What the task asks: Write the records below out again. Match them exactly.

Stored data:

lemma real_cond_exp_add_const:
  assumes "1 \<le> s" "integrable M X" "integrable M Y" "AE x in M. Y x = X x + c"
  shows "AE x in M. real_cond_exp M (F s) Y x = real_cond_exp M (F s) X x + c"
proof -
  interpret sigma_finite_subalgebra M "F s" using sigma_finite_subalgebra_F assms(1) .
  have c: "integrable M (\<lambda>_. c)" by simp
  have "AE x in M. real_cond_exp M (F s) Y x = real_cond_exp M (F s) (\<lambda>x. X x + c) x"
    using assms(2-4) by (intro real_cond_exp_cong) (auto simp: borel_measurable_integrable)
  moreover have "AE x in M. real_cond_exp M (F s) (\<lambda>x. X x + c) x
      = real_cond_exp M (F s) X x + real_cond_exp M (F s) (\<lambda>_. c) x"
    using real_cond_exp_add[OF assms(2) c] .
  moreover have "AE x in M. real_cond_exp M (F s) (\<lambda>_. c) x = c"
    using real_cond_exp_AE_const[OF assms(1) c] by simp
  ultimately show ?thesis by eventually_elim simp
qed

lemma \<rho>_Zsp: "2 \<le> t \<Longrightarrow> Z \<in> Zsp M F t \<Longrightarrow> \<rho> t Z \<in> Zsp M F (t - 1)"
  using coherent_\<rho>[of t] unfolding coherent_one_step_def by blast

lemma \<rho>_mono:
  "2 \<le> t \<Longrightarrow> Z1 \<in> Zsp M F t \<Longrightarrow> Z2 \<in> Zsp M F t \<Longrightarrow> (AE x in M. Z2 x \<le> Z1 x)
    \<Longrightarrow> AE x in M. \<rho> t Z2 x \<le> \<rho> t Z1 x"
  using coherent_\<rho>[of t] unfolding coherent_one_step_def by blast

lemma \<rho>_add:
  "2 \<le> t \<Longrightarrow> Z \<in> Zsp M F t \<Longrightarrow> W \<in> Zsp M F (t - 1)
    \<Longrightarrow> AE x in M. \<rho> t (\<lambda>y. Z y + W y) x = \<rho> t Z x + W x"
  using coherent_\<rho>[of t] unfolding coherent_one_step_def by blast

lemma \<rho>_cmult:
  "2 \<le> t \<Longrightarrow> Z \<in> Zsp M F t \<Longrightarrow> 0 \<le> c \<Longrightarrow> AE x in M. \<rho> t (\<lambda>y. c * Z y) x = c * \<rho> t Z x"
  using coherent_\<rho>[of t] unfolding coherent_one_step_def by blast

lemma integrable_\<rho>: "2 \<le> t \<Longrightarrow> Z \<in> Zsp M F t \<Longrightarrow> integrable M (\<rho> t Z)"
  using integrable_Zsp[OF _ \<rho>_Zsp] by simp

lemma rop_cond_exp: "t \<noteq> 2 \<Longrightarrow> rop M F \<rho> t Y = real_cond_exp M (F (t - 2)) (\<rho> t Y)"
  by (simp add: rop_def)

lemma rop_Zsp:
  assumes t: "2 \<le> t" and X: "X \<in> Zsp M F t"
  shows "rop M F \<rho> t X \<in> Zsp M F (t - 1)"
proof (cases "t = 2")
  case True
  then show ?thesis using \<rho>_Zsp[OF t X] by (simp add: rop_def)
next
  case False
  interpret S: sigma_finite_subalgebra M "F (t - 2)"
    using sigma_finite_subalgebra_F[of "t - 2"] False t by simp
  obtain C where C: "AE x in M. \<bar>\<rho> t X x\<bar> \<le> C" using \<rho>_Zsp[OF t X] by (auto simp: Zsp_def)
  have "AE x in M. real_cond_exp M (F (t - 2)) (\<rho> t X) x \<le> C"
    using C by (intro S.real_cond_exp_le_c integrable_\<rho>[OF t X]) auto
  moreover have "AE x in M. -C \<le> real_cond_exp M (F (t - 2)) (\<rho> t X) x"
    using C by (intro S.real_cond_exp_ge_c integrable_\<rho>[OF t X]) auto
  ultimately have "AE x in M. \<bar>real_cond_exp M (F (t - 2)) (\<rho> t X) x\<bar> \<le> C"
    by eventually_elim auto
  moreover have "real_cond_exp M (F (t - 2)) (\<rho> t X) \<in> borel_measurable (F (t - 1))"
    by (rule measurable_F_mono[of "t - 2"]) (use False t in auto)
  ultimately show ?thesis using False by (auto simp: rop_def Zsp_def)
qed

lemma rop_mono:
  assumes t: "2 \<le> t" and X: "X \<in> Zsp M F t" and Y: "Y \<in> Zsp M F t"
    and le: "AE x in M. X x \<le> Y x"
  shows "AE x in M. rop M F \<rho> t X x \<le> rop M F \<rho> t Y x"
proof (cases "t = 2")
  case True
  then show ?thesis using \<rho>_mono[OF t Y X le] by (simp add: rop_def)
next
  case False
  interpret S: sigma_finite_subalgebra M "F (t - 2)"
    using sigma_finite_subalgebra_F[of "t - 2"] False t by simp
  show ?thesis
    using False \<rho>_mono[OF t Y X le] integrable_\<rho>[OF t X] integrable_\<rho>[OF t Y]
    by (simp add: rop_def S.real_cond_exp_mono)
qed

lemma rop_add_const:
  assumes t: "2 \<le> t" and X: "X \<in> Zsp M F t"
  shows "AE x in M. rop M F \<rho> t (\<lambda>y. X y + c) x = rop M F \<rho> t X x + c"
proof -
  have X_c: "(\<lambda>y. X y + c) \<in> Zsp M F t" by (rule Zsp_add[OF X Zsp_const])
  have \<rho>_X_c: "AE x in M. \<rho> t (\<lambda>y. X y + c) x = \<rho> t X x + c"
    using \<rho>_add[OF t X Zsp_const] .
  show ?thesis
  proof (cases "t = 2")
    case True
    then show ?thesis using \<rho>_X_c by (simp add: rop_def)
  next
    case False
    then show ?thesis
      unfolding rop_cond_exp[OF False] using t
      by (intro real_cond_exp_add_const integrable_\<rho> X X_c \<rho>_X_c) auto
  qed
qed

lemma rop_zero:
  assumes t: "2 \<le> t"
  shows "AE x in M. rop M F \<rho> t (\<lambda>_. 0) x = 0"
proof -
  have \<rho>_0: "AE x in M. \<rho> t (\<lambda>_. 0) x = 0"
    using \<rho>_cmult[OF t Zsp_const[of 0], of 0] by simp
  show ?thesis
  proof (cases "t = 2")
    case True
    then show ?thesis using \<rho>_0 by (simp add: rop_def)
  next
    case False
    then show ?thesis
      unfolding rop_cond_exp[OF False] using t
      by (intro real_cond_exp_AE_const integrable_\<rho> Zsp_const \<rho>_0) auto
  qed
qed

Answer to this task:
lemma real_cond_exp_add_const:
  assumes "1 \<le> s" "integrable M X" "integrable M Y" "AE x in M. Y x = X x + c"
  shows "AE x in M. real_cond_exp M (F s) Y x = real_cond_exp M (F s) X x + c"
proof -
  interpret sigma_finite_subalgebra M "F s" using sigma_finite_subalgebra_F assms(1) .
  have c: "integrable M (\<lambda>_. c)" by simp
  have "AE x in M. real_cond_exp M (F s) Y x = real_cond_exp M (F s) (\<lambda>x. X x + c) x"
    using assms(2-4) by (intro real_cond_exp_cong) (auto simp: borel_measurable_integrable)
  moreover have "AE x in M. real_cond_exp M (F s) (\<lambda>x. X x + c) x
      = real_cond_exp M (F s) X x + real_cond_exp M (F s) (\<lambda>_. c) x"
    using real_cond_exp_add[OF assms(2) c] .
  moreover have "AE x in M. real_cond_exp M (F s) (\<lambda>_. c) x = c"
    using real_cond_exp_AE_const[OF assms(1) c] by simp
  ultimately show ?thesis by eventually_elim simp
qed

lemma \<rho>_Zsp: "2 \<le> t \<Longrightarrow> Z \<in> Zsp M F t \<Longrightarrow> \<rho> t Z \<in> Zsp M F (t - 1)"
  using coherent_\<rho>[of t] unfolding coherent_one_step_def by blast

lemma \<rho>_mono:
  "2 \<le> t \<Longrightarrow> Z1 \<in> Zsp M F t \<Longrightarrow> Z2 \<in> Zsp M F t \<Longrightarrow> (AE x in M. Z2 x \<le> Z1 x)
    \<Longrightarrow> AE x in M. \<rho> t Z2 x \<le> \<rho> t Z1 x"
  using coherent_\<rho>[of t] unfolding coherent_one_step_def by blast

lemma \<rho>_add:
  "2 \<le> t \<Longrightarrow> Z \<in> Zsp M F t \<Longrightarrow> W \<in> Zsp M F (t - 1)
    \<Longrightarrow> AE x in M. \<rho> t (\<lambda>y. Z y + W y) x = \<rho> t Z x + W x"
  using coherent_\<rho>[of t] unfolding coherent_one_step_def by blast

lemma \<rho>_cmult:
  "2 \<le> t \<Longrightarrow> Z \<in> Zsp M F t \<Longrightarrow> 0 \<le> c \<Longrightarrow> AE x in M. \<rho> t (\<lambda>y. c * Z y) x = c * \<rho> t Z x"
  using coherent_\<rho>[of t] unfolding coherent_one_step_def by blast

lemma integrable_\<rho>: "2 \<le> t \<Longrightarrow> Z \<in> Zsp M F t \<Longrightarrow> integrable M (\<rho> t Z)"
  using integrable_Zsp[OF _ \<rho>_Zsp] by simp

lemma rop_cond_exp: "t \<noteq> 2 \<Longrightarrow> rop M F \<rho> t Y = real_cond_exp M (F (t - 2)) (\<rho> t Y)"
  by (simp add: rop_def)

lemma rop_Zsp:
  assumes t: "2 \<le> t" and X: "X \<in> Zsp M F t"
  shows "rop M F \<rho> t X \<in> Zsp M F (t - 1)"
proof (cases "t = 2")
  case True
  then show ?thesis using \<rho>_Zsp[OF t X] by (simp add: rop_def)
next
  case False
  interpret S: sigma_finite_subalgebra M "F (t - 2)"
    using sigma_finite_subalgebra_F[of "t - 2"] False t by simp
  obtain C where C: "AE x in M. \<bar>\<rho> t X x\<bar> \<le> C" using \<rho>_Zsp[OF t X] by (auto simp: Zsp_def)
  have "AE x in M. real_cond_exp M (F (t - 2)) (\<rho> t X) x \<le> C"
    using C by (intro S.real_cond_exp_le_c integrable_\<rho>[OF t X]) auto
  moreover have "AE x in M. -C \<le> real_cond_exp M (F (t - 2)) (\<rho> t X) x"
    using C by (intro S.real_cond_exp_ge_c integrable_\<rho>[OF t X]) auto
  ultimately have "AE x in M. \<bar>real_cond_exp M (F (t - 2)) (\<rho> t X) x\<bar> \<le> C"
    by eventually_elim auto
  moreover have "real_cond_exp M (F (t - 2)) (\<rho> t X) \<in> borel_measurable (F (t - 1))"
    by (rule measurable_F_mono[of "t - 2"]) (use False t in auto)
  ultimately show ?thesis using False by (auto simp: rop_def Zsp_def)
qed

lemma rop_mono:
  assumes t: "2 \<le> t" and X: "X \<in> Zsp M F t" and Y: "Y \<in> Zsp M F t"
    and le: "AE x in M. X x \<le> Y x"
  shows "AE x in M. rop M F \<rho> t X x \<le> rop M F \<rho> t Y x"
proof (cases "t = 2")
  case True
  then show ?thesis using \<rho>_mono[OF t Y X le] by (simp add: rop_def)
next
  case False
  interpret S: sigma_finite_subalgebra M "F (t - 2)"
    using sigma_finite_subalgebra_F[of "t - 2"] False t by simp
  show ?thesis
    using False \<rho>_mono[OF t Y X le] integrable_\<rho>[OF t X] integrable_\<rho>[OF t Y]
    by (simp add: rop_def S.real_cond_exp_mono)
qed

lemma rop_add_const:
  assumes t: "2 \<le> t" and X: "X \<in> Zsp M F t"
  shows "AE x in M. rop M F \<rho> t (\<lambda>y. X y + c) x = rop M F \<rho> t X x + c"
proof -
  have X_c: "(\<lambda>y. X y + c) \<in> Zsp M F t" by (rule Zsp_add[OF X Zsp_const])
  have \<rho>_X_c: "AE x in M. \<rho> t (\<lambda>y. X y + c) x = \<rho> t X x + c"
    using \<rho>_add[OF t X Zsp_const] .
  show ?thesis
  proof (cases "t = 2")
    case True
    then show ?thesis using \<rho>_X_c by (simp add: rop_def)
  next
    case False
    then show ?thesis
      unfolding rop_cond_exp[OF False] using t
      by (intro real_cond_exp_add_const integrable_\<rho> X X_c \<rho>_X_c) auto
  qed
qed

lemma rop_zero:
  assumes t: "2 \<le> t"
  shows "AE x in M. rop M F \<rho> t (\<lambda>_. 0) x = 0"
proof -
  have \<rho>_0: "AE x in M. \<rho> t (\<lambda>_. 0) x = 0"
    using \<rho>_cmult[OF t Zsp_const[of 0], of 0] by simp
  show ?thesis
  proof (cases "t = 2")
    case True
    then show ?thesis using \<rho>_0 by (simp add: rop_def)
  next
    case False
    then show ?thesis
      unfolding rop_cond_exp[OF False] using t
      by (intro real_cond_exp_AE_const integrable_\<rho> Zsp_const \<rho>_0) auto
  qed
qed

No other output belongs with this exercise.